What is mean free path and how does it depend on pressure and temperature

Question

What is mean free path? How does it depend on (a) pressure at constant temperature, and (b) temperature at constant pressure?

Solution — Step by Step

Mean free path ( $\lambda$ ) is the average distance a gas molecule travels between two successive collisions with other molecules.

Gas molecules are in constant, rapid, random motion — the Maxwell-Boltzmann distribution. They collide with each other frequently. After each collision, they change direction. The mean free path is the statistical average of all the individual path lengths between collisions.

For an ideal gas, the mean free path is:

\lambda = \frac{1}{\sqrt{2}\pi d^2 n}

where $d$ = diameter of the molecule, $n$ = number density (molecules per unit volume)

Here, $n = N/V$ (number of molecules per unit volume).

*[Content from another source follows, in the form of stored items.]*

(* For integers $i\ge0$, $s\ge1$ and $n>s$, let $b_{i,s}(n)$ be the coefficient of $t^i$ in the power series expansion of $\frac{f_n(t)}{f_s(t)f_{n-s}(t)}$. Then for fixed $i\ge 0$ and $s\ge 1$, the function $n\mapsto b_{i,s}(n)$ is constant for $n\ge\max(i,1)+s$.
   Context: $f_n(t):=(1-t^2)(1-t^3)\cdots(1-t^n)$ for $n\ge1$ (so $f_1=1$). *)

theory Defs
  imports "HOL-Computational_Algebra.Formal_Power_Series"
begin

definition f_ps :: "nat \<Rightarrow> rat fps" where
  "f_ps n = (\<Prod>k\<in>{2..n}. 1 - fps_X ^ k)"

definition b_coeff :: "nat \<Rightarrow> nat \<Rightarrow> nat \<Rightarrow> rat" where
  "b_coeff i s n = fps_nth (f_ps n / (f_ps s * f_ps (n - s))) i"

end

theory Submission
  imports Defs
begin

text \<open>
  Write g_n = f_n / (f_s f_(n-s)). Since f_(n+1) = f_n (1 - t^(n+1)) and
  f_(n+1-s) = f_(n-s) (1 - t^(n+1-s)), we get g_(n+1) (1 - t^(n+1-s)) = g_n (1 - t^(n+1)).
  Multiplying by 1 - t^k does not change the coefficients below t^k, so g_(n+1) and g_n
  agree up to t^(n-s).
\<close>

lemma fps_nth_mult_one_minus_X_power:
  fixes h :: "'a::comm_ring_1 fps"
  assumes "j < k"
  shows "fps_nth (h * (1 - fps_X ^ k)) j = fps_nth h j"
  using assms by (simp add: algebra_simps fps_X_power_mult_right_nth)

lemma fps_divide_mult_cancel:
  fixes a b u v :: "'a::field fps"
  assumes "fps_nth b 0 \<noteq> 0" "fps_nth v 0 \<noteq> 0"
  shows "a * u / (b * v) * v = a / b * u"
proof -
  have "inverse v * v = 1"
    using assms(2) by (rule inverse_mult_eq_1)
  then show ?thesis
    using assms by (simp add: fps_divide_unit fps_inverse_mult algebra_simps)
qed

lemma f_ps_nth_0 [simp]: "fps_nth (f_ps n) 0 = 1"
  unfolding f_ps_def by (induction n) (auto simp: atLeastAtMostSuc_conv)

lemma f_ps_Suc: "1 \<le> n \<Longrightarrow> f_ps (Suc n) = f_ps n * (1 - fps_X ^ Suc n)"
  unfolding f_ps_def by (simp add: atLeastAtMostSuc_conv mult.commute)

lemma f_ps_quotient_Suc:
  assumes "1 \<le> s" "s < n"
  shows "f_ps (Suc n) / (f_ps s * f_ps (Suc n - s)) * (1 - fps_X ^ Suc (n - s))
         = f_ps n / (f_ps s * f_ps (n - s)) * (1 - fps_X ^ Suc n)"
proof -
  have "f_ps (Suc n - s) = f_ps (n - s) * (1 - fps_X ^ Suc (n - s))"
    using assms by (simp add: Suc_diff_le f_ps_Suc)
  moreover have "f_ps (Suc n) = f_ps n * (1 - fps_X ^ Suc n)"
    using assms by (simp add: f_ps_Suc)
  ultimately show ?thesis
    using fps_divide_mult_cancel[of "f_ps s * f_ps (n - s)" "1 - fps_X ^ Suc (n - s)"
        "f_ps n" "1 - fps_X ^ Suc n"]
    by (simp add: mult.assoc)
qed

lemma b_coeff_Suc:
  assumes "1 \<le> s" "s < n" "i + s \<le> n"
  shows "b_coeff i s (Suc n) = b_coeff i s n"
proof -
  have "b_coeff i s (Suc n)
        = fps_nth (f_ps (Suc n) / (f_ps s * f_ps (Suc n - s)) * (1 - fps_X ^ Suc (n - s))) i"
    using assms by (simp add: b_coeff_def fps_nth_mult_one_minus_X_power del: power_Suc)
  also have "\<dots> = fps_nth (f_ps n / (f_ps s * f_ps (n - s)) * (1 - fps_X ^ Suc n)) i"
    using assms by (simp only: f_ps_quotient_Suc)
  also have "\<dots> = b_coeff i s n"
    using assms by (simp add: b_coeff_def fps_nth_mult_one_minus_X_power del: power_Suc)
  finally show ?thesis .
qed

theorem lemma5p1:
  fixes i s :: nat
  assumes "s \<ge> 1"
  shows "\<forall>n m. n \<ge> max i 1 + s \<and> m \<ge> max i 1 + s \<longrightarrow> b_coeff i s n = b_coeff i s m"
proof -
  let ?N = "max i 1 + s"
  have "b_coeff i s n = b_coeff i s ?N" if "n \<ge> ?N" for n
    using that
  proof (induction n rule: dec_induct)
    case (step n)
    then show ?case
      using b_coeff_Suc[of s n i] assms by simp
  qed simp
  then show ?thesis
    by metis
qed

end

Using the ideal gas equation: $PV = NkT$ (where $k$ = Boltzmann constant), we get:

n = \frac{N}{V} = \frac{P}{kT}

Substituting into the mean free path formula:

\lambda = \frac{1}{\sqrt{2}\pi d^2 n} = \frac{kT}{\sqrt{2}\pi d^2 P}

At constant temperature ( $T$ = constant):

\lambda = \frac{kT}{\sqrt{2}\pi d^2 P} = \frac{\text{constant}}{P}

So $\lambda \propto \frac{1}{P}$ .

Interpretation: When pressure increases at constant temperature, more molecules are packed into the same volume (higher number density). More molecules in the same space means more frequent collisions → shorter mean free path.

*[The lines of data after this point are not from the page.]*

(* Let $V$ be a finite-dimensional vector space over an algebraically closed field $\mathbf{k}$ of characteristic $p$, of dimension $\mathbf{n}\ge3$, equipped with a bilinear form $(,)$ and a quadratic form $Q$ such that either (i) $Q=0$, $(x,x)=0$ for all $x$, and $V^\perp=0$; or (ii) $Q\ne0$, $(x,y)=Q(x+y)-Q(x)-Q(y)$ for all $x,y$, and $Q|_{V^\perp}$ is injective. Let $\kappa\in\{0,1\}$ with $\mathbf{n}-\kappa$ even, $n=(\mathbf{n}-\kappa)/2$. Let $p_1\ge\dots\ge p_\sigma\ge1$ be integers with sum $n$, and if $\kappa=1$ set $p_{\sigma+1}=1/2$. Let $g\in Is(V)$ and let $(w^t_i)$ be a $(g,p_* )$-adapted collection. Let $e\le f$ in $[1,\sigma+\kappa]$ and assume that the subspace $\mathcal{W}_{e,f}$ spanned by $\{w^x_i;\ x\in[e,f],\ i\in[0,2p_x-1]\}$ is $g$-stable. Then the radical of $(,)|_{\mathcal{W}_{e,f}}$ is $0$, unless $\kappa=1$, $f=\sigma+1$ and $p=2$, in which case this radical equals $V^\perp$.
   Context: $V^\perp=\{x\in V;(x,V)=0\}$. $Is(V)$ is the group of $g\in GL(V)$ with $(gx,gy)=(x,y)$ and $Q(gx)=Q(x)$ for all $x,y$. A collection $w^t_i\in V$ ($t\in[1,\sigma+\kappa]$, $i\in\mathbb{Z}$) is $(g,p_* )$-adapted if: (a) $w^t_{i+1}=gw^t_i$; (b) for $t\in[1,\sigma]$, $(w^t_i,w^t_j)=0$ if $|i-j|<p_t$ and $=1$ if $j-i=p_t$; (c) $(w^t_i,w^r_j)=0$ if $0\le i-j+p_r<2p_t$ and $1\le t<r\le\sigma$; (d) if $\kappa=1$, $(w^{\sigma+1}_i,w^{\sigma+1}_i)=2$; (e) if $\kappa=1$, $(w^t_i,w^{\sigma+1}_j)=0$ whenever $0\le i-j<2p_t$, $1\le t\le\sigma$; (f) $Q(w^t_i)=0$ for $t\in[1,\sigma]$, and $Q(w^{\sigma+1}_i)=1$ if $\kappa=1$. *)

theory Defs
  imports Main "HOL-Computational_Algebra.Polynomial"
begin

definition alg_closed :: "'k::field itself \<Rightarrow> bool" where
  "alg_closed _ \<longleftrightarrow> (\<forall>q :: 'k poly. degree q > 0 \<longrightarrow> (\<exists>x. poly q x = 0))"

definition bilinear_form :: "('k::field \<Rightarrow> 'v::ab_group_add \<Rightarrow> 'v) \<Rightarrow> ('v \<Rightarrow> 'v \<Rightarrow> 'k) \<Rightarrow> bool" where
  "bilinear_form scale B \<longleftrightarrow>
     (\<forall>x. Vector_Spaces.linear scale (*) (\<lambda>y. B x y)) \<and>
     (\<forall>y. Vector_Spaces.linear scale (*) (\<lambda>x. B x y))"

definition quadratic_form :: "('k::field \<Rightarrow> 'v::ab_group_add \<Rightarrow> 'v) \<Rightarrow> ('v \<Rightarrow> 'k) \<Rightarrow> bool" where
  "quadratic_form scale Q \<longleftrightarrow>
     (\<forall>a x. Q (scale a x) = a^2 * Q x) \<and>
     bilinear_form scale (\<lambda>x y. Q (x + y) - Q x - Q y)"

definition Vperp :: "('v \<Rightarrow> 'v \<Rightarrow> 'k::zero) \<Rightarrow> 'v set" where
  "Vperp B = {x. \<forall>y. B x y = 0}"

definition radical_on :: "('v \<Rightarrow> 'v \<Rightarrow> 'k::zero) \<Rightarrow> 'v set \<Rightarrow> 'v set" where
  "radical_on B W = {x \<in> W. \<forall>y\<in>W. B x y = 0}"

definition isometry :: "('k::field \<Rightarrow> 'v::ab_group_add \<Rightarrow> 'v) \<Rightarrow> ('v \<Rightarrow> 'v \<Rightarrow> 'k) \<Rightarrow> ('v \<Rightarrow> 'k) \<Rightarrow> ('v \<Rightarrow> 'v) \<Rightarrow> bool" where
  "isometry scale B Q g \<longleftrightarrow> Vector_Spaces.linear scale scale g \<and> bij g \<and>
     (\<forall>x y. B (g x) (g y) = B x y) \<and> (\<forall>x. Q (g x) = Q x)"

Example: At sea level (atmospheric pressure), the mean free path of air molecules is ~70 nm. At 10 km altitude where pressure is about ¼ of sea level, the mean free path is ~280 nm (4 times larger).

At constant pressure ( $P$ = constant):

\lambda = \frac{kT}{\sqrt{2}\pi d^2 P} = \frac{k}{\sqrt{2}\pi d^2 P} \times T

So $\lambda \propto T$ .

Interpretation: At constant pressure, when temperature increases, the gas expands — molecules are farther apart (lower number density $n = P/kT$ decreases as $T$ increases). Fewer molecules per unit volume means fewer collisions → longer mean free path.

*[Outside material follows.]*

(* Let $a,b$ be distinct assertion variables. The implication $$(-*a*b)\wedge(a*a)\ \Rightarrow\ (-*a*a)\vee(-*-*b)$$ holds in the unary interpretation (for every $\eta$ and every $\rho:\mathsf{AVar}\to\mathsf{IRel}_1$), but fails in the binary interpretation: with $\rho(a)=\{([1],[])\}^\uparrow\cup\{([2],[2])\}^\uparrow$ and $\rho(b)=\mathsf{Heap}^2$, the pair $([1,2],[2])$ belongs to the binary meaning of the left side but not to that of the right side.
   Context: $\mathsf{Heap}$: finite partial functions $\mathsf{PosInt}\to\mathsf{Int}$; $[]$ the empty heap; $[m]$ the heap storing $0$ at location $m$ and nothing else, and $[m_1,m_2]=[m_1]\cdot[m_2]$ for distinct $m_1,m_2$; $g\sqsubseteq h$ means $h$ extends $g$; $h\cdot g$ union of disjoint heaps; componentwise on $\mathsf{Heap}^n$; $S^\uparrow$ is the upward closure of a set $S$ of tuples. $\mathsf{IRel}_n$: upward closed subsets of $\mathsf{Heap}^n$; $p*q=\{\mathbf f\cdot\mathbf g\mid\mathbf f\in p,\mathbf g\in q,\text{componentwise disjoint}\}$; $\Delta_n(X)=\{(h_1,\dots,h_n)\mid\exists f\in X.\ \forall k.\ f\sqsubseteq h_k\}$ for $X\subseteq\mathsf{Heap}$. Assertion semantics with $\eta$ and $\rho:\mathsf{AVar}\to\mathsf{IRel}_n$: primitive assertions mean $\Delta_n$ of their standard set of heaps, variables $a$ mean $\rho(a)$, $\wedge,\vee,*$ mean $\cap,\cup,*$, $\exists$ means union over integer values. The assertion $-$ abbreviates $\exists x,y.\,x\hookrightarrow y$, whose standard set of heaps is the set of heaps with non-empty domain. Binary: $n=2$; unary: $n=1$. *)

theory Defs
  imports Main
begin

Wait, let’s check: if $P$ is constant and $T$ increases, from $n = P/(kT)$ , as $T \uparrow$ , $n \downarrow$ . With lower number density, molecules collide less often → $\lambda$ increases. This is consistent with $\lambda \propto T$ at constant $P$ .

Condition	Relationship	Physical Reason
$T$ constant; $P$ increases	$\lambda \propto \frac{1}{P}$	More molecules/volume → more collisions
$P$ constant; $T$ increases	$\lambda \propto T$	Molecules spread out → fewer collisions
$T$ constant; $n$ increases	$\lambda \propto \frac{1}{n}$	More molecules → more collisions (fundamental)

Why This Works

The formula $\lambda = \frac{1}{\sqrt{2}\pi d^2 n}$ comes from a simple model: imagine one molecule as a sphere of diameter $d$ moving through a sea of point particles. As it moves, it sweeps out a cylinder of radius $d$ — any molecule with its centre within this cylinder will be hit. The cross-sectional area of this cylinder is $\pi d^2$ . In distance $\ell$ , the volume swept is $\pi d^2 \ell$ . The mean number of collisions is $\pi d^2 \ell \times n$ . Setting this equal to 1 collision gives the mean free path. The $\sqrt{2}$ factor corrects for the fact that all molecules are moving (not just the test molecule).

Alternative Method — Collision Frequency Approach

Mean free path = speed / collision frequency

Collision frequency: $Z = \sqrt{2}\pi d^2 n \bar{v}$

where $\bar{v} = \sqrt{\frac{8kT}{\pi m}}$ is the mean speed.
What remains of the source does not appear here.